Mt. Princeton, Buena Vista, CO – October 2021 photo by Haji Mahmood

Biden sees the Glasgow Climate Summit as a legacy event that will bring about substantive change. But nobody believes that. Change doesn’t occur easily, and in the case of climate change, the forces arrayed against it are overwhelming.

Corporations will not give up profits easily. Individuals will not willingly pay more for goods once companies jack up their prices to maintain margins. Countries will try desperately to avoid being the first to bend the CO2 curve, knowing that their economic growth will slow precipitously.

Sometimes a change in culture has to occur before political change can begin. Think about the civil rights movement in the 1950s and 1960s, or the anti-war movement in the early 1970s. Those great political changes were built on a foundation of cultural change. One came from Black churches, and the other from college students.

We’re in the middle of a 2-year Covid debacle on top of a 13-year economic debacle. Before the Great Recession, if people weren’t making it, they (and everyone else) thought the problem wasn’t America’s politics or our economic system, but it was mostly about their laziness or lack of skills. Back then, we believed that anyone could make it. Few thought the system was rigged, and there wasn’t a widespread push for serious change.

Now, young people are tumbling to the fact the problem isn’t them – it’s the system. Think of it as a game of musical chairs, where the people sitting down never stand up when the music plays. From Ian Welsh: (Brackets by Wrongo)

“They [the young] think, ‘it’s you, not me’ where ‘you’ = society and politics. They may have…student loans, but they know boomers paid….[only] a nominal amount for university.
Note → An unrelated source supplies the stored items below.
theorem mainTheorem4:
  fixes T T' :: btype and R :: cmap and \<tau> :: "cmap \<Rightarrow> cmap"
  assumes "resource T R"
    and "losr_trans T T' \<tau>"
  shows "M_abs T' (\<tau> R) \<le> M_abs T R"
proof -
  have lin_R: "lin_map (dm (inX T)*dm (inY T)) (dm (outA T)*dm (outB T)) R"
    using assms(1) unfolding resource_def Let_def by blast
  have "losr_free T' (\<tau> S) \<and> losr_free T' (mix s (\<tau> R) (\<tau> S))"
    if S: "losr_free T S" and mix: "losr_free T (mix s R S)" for s S
  proof
    show "losr_free T' (\<tau> S)" by (rule losr_free_image[OF S assms(2)])
    have "losr_free T' (\<tau> (mix s R S))" by (rule losr_free_image[OF mix assms(2)])
    then show "losr_free T' (mix s (\<tau> R) (\<tau> S))"
      by (rule losr_free_cong) (rule losr_trans_mix[OF assms(2) lin_R losr_free_carrier_mat[OF S]])
  qed
  then show ?thesis
    unfolding M_abs_def by (intro Inf_superset_mono) blast
qed

end
lemma sum_Pow_Plus_card:
  fixes f :: "nat \<Rightarrow> nat \<Rightarrow> 'b::comm_semiring_1"
  assumes "finite A" "finite B"
  shows "(\<Sum>W\<in>Pow (A <+> B). f (card (Inl -` W)) (card (Inr -` W))) =
    (\<Sum>(i, j)\<in>{..card A} \<times> {..card B}. of_nat (card A choose i) * of_nat (card B choose j) * f i j)"
proof -
  have "(\<Sum>W\<in>Pow (A <+> B). f (card (Inl -` W)) (card (Inr -` W))) =
      (\<Sum>X\<in>Pow A. \<Sum>Y\<in>Pow B. f (card X) (card Y))"
    unfolding Pow_Plus
    by (subst sum.reindex[OF inj_on_subset[OF inj_Plus subset_UNIV]])
      (simp add: sum.cartesian_product case_prod_unfold)
  also have "\<dots> = (\<Sum>X\<in>Pow A. \<Sum>j\<le>card B. of_nat (card B choose j) * f (card X) j)"
    by (intro sum.cong refl sum_Pow_card[OF assms(2)])
  also have "\<dots> = (\<Sum>j\<le>card B. of_nat (card B choose j) * (\<Sum>X\<in>Pow A. f (card X) j))"
    by (subst sum.swap) (simp add: sum_distrib_left)
  also have "\<dots> = (\<Sum>j\<le>card B. \<Sum>i\<le>card A. of_nat (card A choose i) * of_nat (card B choose j) * f i j)"
    by (simp add: sum_Pow_card[OF assms(1), of "\<lambda>i. f i _"] sum_distrib_left mult_ac)
  also have "\<dots> = (\<Sum>(i, j)\<in>{..card A} \<times> {..card B}.
      of_nat (card A choose i) * of_nat (card B choose j) * f i j)"
    unfolding sum.cartesian_product[symmetric] by (rule sum.swap)
  finally show ?thesis .
qed

section \<open>The signed a-number of complete bipartite graphs\<close>

function sa_bip :: "nat \<Rightarrow> nat \<Rightarrow> int" where
  "sa_bip a b = (if a = 0 \<and> b = 0 then 1 else if a = 0 \<or> b = 0 \<or> odd (a + b) then 0
     else - (\<Sum>(i, j)\<in>{..a} \<times> {..b} - {(a, b)}. int (a choose i) * int (b choose j) * sa_bip i j))"
  by auto
termination
  by (relation "Wellfounded.measure (\<lambda>(a, b). a + b)") auto

declare sa_bip.simps [simp del] sa.simps [simp del]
They know they can’t afford a home or apartment, not because they don’t earn enough, but because wages have effectively gone down, and real home prices have gone up….They know medical care is too expensive and that drugs didn’t used to cost nearly this much.”

Young people are beginning to understand that without political change, their lives aren’t going to get better. In fact, they will probably get worse. This is true for the climate as well as for the basic inequalities in our society.
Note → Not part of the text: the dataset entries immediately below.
lemma mat_fun_eigenvector:
  assumes "hermitian n A" "x \<in> carrier_vec n" "A *\<^sub>v x = complex_of_real q \<cdot>\<^sub>v x"
  shows "mat_fun f A *\<^sub>v x = complex_of_real (f q) \<cdot>\<^sub>v x"
proof -
  obtain U d where "spectral_decomp n A U d" "mat_fun f A = U * diag_of n (\<lambda>i. f (d i)) * adj U"
    using mat_fun_spectral[OF assms(1)] .
  then show ?thesis using spectral_decomp_eigenvector assms(2,3) by metis
qed

subsection \<open>Mixtures of pure states\<close>

definition mixture :: "nat \<Rightarrow> nat \<Rightarrow> (nat \<Rightarrow> real) \<Rightarrow> (nat \<Rightarrow> complex vec) \<Rightarrow> complex mat" where
  "mixture n r p v = mat n n (\<lambda>(a,b). \<Sum>i<r. complex_of_real (p i) * (v i $ a) * cnj (v i $ b))"

lemma mixture_mult_vec:
  assumes v: "\<forall>i<r. v i \<in> carrier_vec n" and x: "x \<in> carrier_vec n" and a: "a < n"
  shows "(mixture n r p v *\<^sub>v x) $ a = (\<Sum>i<r. complex_of_real (p i) * v i $ a * cinner (v i) x)"
proof -
  have "(mixture n r p v *\<^sub>v x) $ a
      = (\<Sum>b<n. (\<Sum>i<r. complex_of_real (p i) * (v i $ a) * cnj (v i $ b)) * x $ b)"
    using x a by (simp add: index_mult_mat_vec_sum[of _ n n] mixture_def del: index_mult_mat_vec)
  also have "\<dots> = (\<Sum>i<r. \<Sum>b<n. complex_of_real (p i) * (v i $ a) * (cnj (v i $ b) * x $ b))"
    by (simp add: sum_distrib_right sum.swap[of _ "{..<n}"] mult.assoc)
  also have "\<dots> = (\<Sum>i<r. complex_of_real (p i) * v i $ a * cinner (v i) x)"
    using v by (auto simp: cinner_def sum_distrib_left intro!: sum.cong)
  finally show ?thesis .
qed

lemma mixture_eigenvector:
  assumes v: "\<forall>i<r. v i \<in> carrier_vec n"
    and orth: "\<forall>i<r. \<forall>j<r. cinner (v i) (v j) = (if i = j then 1 else 0)" and j: "j < r"
  shows "mixture n r p v *\<^sub>v v j = complex_of_real (p j) \<cdot>\<^sub>v v j"
proof -
  have vj: "v j \<in> carrier_vec n" using v j by simp
  note dim = carrier_vecD[OF vj]
  show ?thesis
  proof (rule eq_vecI)
    fix a assume "a < dim_vec (complex_of_real (p j) \<cdot>\<^sub>v v j)"
    then have a: "a < n" using dim by simp
    have "(mixture n r p v *\<^sub>v v j) $ a = (\<Sum>i<r. if i = j then complex_of_real (p j) * v j $ a else 0)"
      unfolding mixture_mult_vec[OF v vj a] by (rule sum.cong) (use orth j in auto)
    then show "(mixture n r p v *\<^sub>v v j) $ a = (complex_of_real (p j) \<cdot>\<^sub>v v j) $ a"
      using j a dim by simp
  qed (use dim in \<open>simp add: mixture_def\<close>)
qed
We need a political revolution to change these things, but America’s political system doesn’t like big changes. It does enable smaller cultural and political changes all the time. Our politicians give us intermittent reinforcement: They are amenable and sometimes eager to serve up limited forms of change, but not what most people want, or what the planet needs.

And the longer we rely on today’s politicians to save us, the farther we will be from the changes we need. Our political system is very resistant to change, as the prolonged debate over Biden’s social spending bill shows.
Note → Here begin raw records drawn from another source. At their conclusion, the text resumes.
lemma sum_hider_y_wrap_le:
  assumes "n \<le> v + c" "v < n"
  shows "(\<Sum>i\<in>{v..<n - 1} \<union> {1..<v + Suc c - n}. hider_y n c h w i) \<le> real h / real w"
proof -
  define a where "a = v + Suc c - n"
  have a: "1 \<le> a" "a \<le> c" "a \<le> v" "v = a + (n - 1 - c)" "n - 1 = c + (n - 1 - c)"
    using assms c_less_n by (auto simp: a_def)
  have "(\<Sum>i\<in>{v..<n - 1}. weight i) = (\<Sum>i\<in>{a..<c}. weight (i + (n - 1 - c)))"
    using a(4,5) sum.shift_bounds_nat_ivl[of weight a "n - 1 - c" c] by simp
  also have "\<dots> \<le> (\<Sum>i\<in>{a..c}. weight i)"
    using a(1,2) by (rule sum_weight_shift_le)
  finally have "(\<Sum>i\<in>{1..<a}. weight i) + (\<Sum>i\<in>{v..<n - 1}. weight i)
      \<le> (\<Sum>i\<in>{1..<1 + c}. weight i)"
    using a sum.atLeastLessThan_concat[of 1 a "Suc c" weight] by (simp add: atLeastLessThanSuc_atLeastAtMost)
  moreover have "(\<Sum>i\<in>{v..<n - 1} \<union> {1..<a}. hider_y n c h w i)
      = ((\<Sum>i\<in>{1..<a}. weight i) + (\<Sum>i\<in>{v..<n - 1}. weight i)) / real w"
    using a by (subst sum_hider_y_inner) (auto simp: sum.union_disjoint add_divide_distrib)
  ultimately show ?thesis
    using sum_weight_window[of 1] w_pos by (simp add: a_def divide_right_mono)
qed

lemma sum_hider_y_CT_le:
  assumes "v < n"
  shows "(\<Sum>i\<in>CT n c v. hider_y n c h w i) \<le> real h / real w"
proof -
  consider "v = 0" | "1 \<le> v" "v + c < n" | "n \<le> v + c"
    by linarith
  then show ?thesis
  proof cases
    case 1
    have "CT n c v \<subseteq> {1..<1 + c} \<union> {0, n - 1}"
      using 1 CT_subset[of n c v] c_less_n by (auto simp: cyc_interval_eq)
    then have "(\<Sum>i\<in>CT n c v. hider_y n c h w i) \<le> (\<Sum>i\<in>{1..<1 + c}. hider_y n c h w i)"
      by (intro sum_CT_le_of_subset) auto
    then show ?thesis
      using sum_hider_y_window[of 1] c_less_n by simp
  next
    case 2
    then have "CT n c v \<subseteq> {v..<v + c} \<union> {0, n - 1}"
      using CT_subset_window by blast
    then have "(\<Sum>i\<in>CT n c v. hider_y n c h w i) \<le> (\<Sum>i\<in>{v..<v + c}. hider_y n c h w i)"
      by (intro sum_CT_le_of_subset) auto
    then show ?thesis
      using 2 sum_hider_y_window by simp
  next
    case 3
    have "CT n c v \<subseteq> {v..<n} \<union> {..<v + Suc c - n}"
      using CT_subset[of n c v] cyc_interval_subset_wrap[of v n "Suc c"] assms c_less_n by simp
    also have "\<dots> \<subseteq> ({v..<n - 1} \<union> {1..<v + Suc c - n}) \<union> {0, n - 1}"
      by auto
    finally have "CT n c v \<subseteq> ({v..<n - 1} \<union> {1..<v + Suc c - n}) \<union> {0, n - 1}" .
    then have "(\<Sum>i\<in>CT n c v. hider_y n c h w i)
        \<le> (\<Sum>i\<in>{v..<n - 1} \<union> {1..<v + Suc c - n}. hider_y n c h w i)"
      by (intro sum_CT_le_of_subset) auto
    also have "\<dots> \<le> real h / real w"
      using 3 assms by (rule sum_hider_y_wrap_le)
    finally show ?thesis .
  qed
qed

end

theorem lemma3p8:
  fixes k n c h w :: nat
  assumes "k \<ge> 2" and "n > 2 ^ k" and "c = 2 ^ k - 2"
    and "gcd c (n - 1) = 1"
    and "h > 0" and "w \<in> {1..n-2}"
    and "int h * int (n - 1) - int w * int c = 1"
    and "\<And>h' w'. h' > 0 \<Longrightarrow> w' \<in> {1..n-2} \<Longrightarrow>
            int h' * int (n - 1) - int w' * int c = 1 \<Longrightarrow> w \<le> w'"
  shows "\<forall>v \<in> {0..<n} - {1}.
           (\<Sum>i\<in>CT n c v. hider_y n c h w i) \<le> real h / real w"
proof -
  have "(4::nat) \<le> 2 ^ k"
    using power_increasing[of 2 k "2::nat"] assms(1) by simp
  then have "2 \<le> c" "c + 2 < n"
    using assms(2,3) by simp_all
  moreover have "w \<le> n - 2"
    using assms(6) by simp
  moreover have "h * (n - 1) = w * c + 1"
    using assms(7) by (simp flip: of_nat_mult)
  ultimately interpret coprime_hider n c h w
    by unfold_locales
  show ?thesis
    using sum_hider_y_CT_le by simp
qed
And there’s no political will at any level to change the system.

Still, it has to change, or it will self-destruct. When you are at Wrongo’s advanced age, the temptation is to say, “the future is hopeless.” But America’s youth will soon replace the elders in both political parties. They will not be staying quiet.

What must happen is a cultural change that a significant portion of the population will buy into. It doesn’t have to be everyone, but it has to be compelling to at least a 10%-20% minority which can then influence the other 80%-90%.

We live in a culture that values greed, power, and control over other people’s lives. So, the new culture must be built on a different set of values. Insisting on a different set of values is something we can all do both individually and collectively.

The Trumpists have attempted this with middle-aged White Americans. Steve Bannon knew that change must first happen culturally, that the culture has to want it, or at least allow it. But so far, the Trumpist appeal seems limited to 30% of the population.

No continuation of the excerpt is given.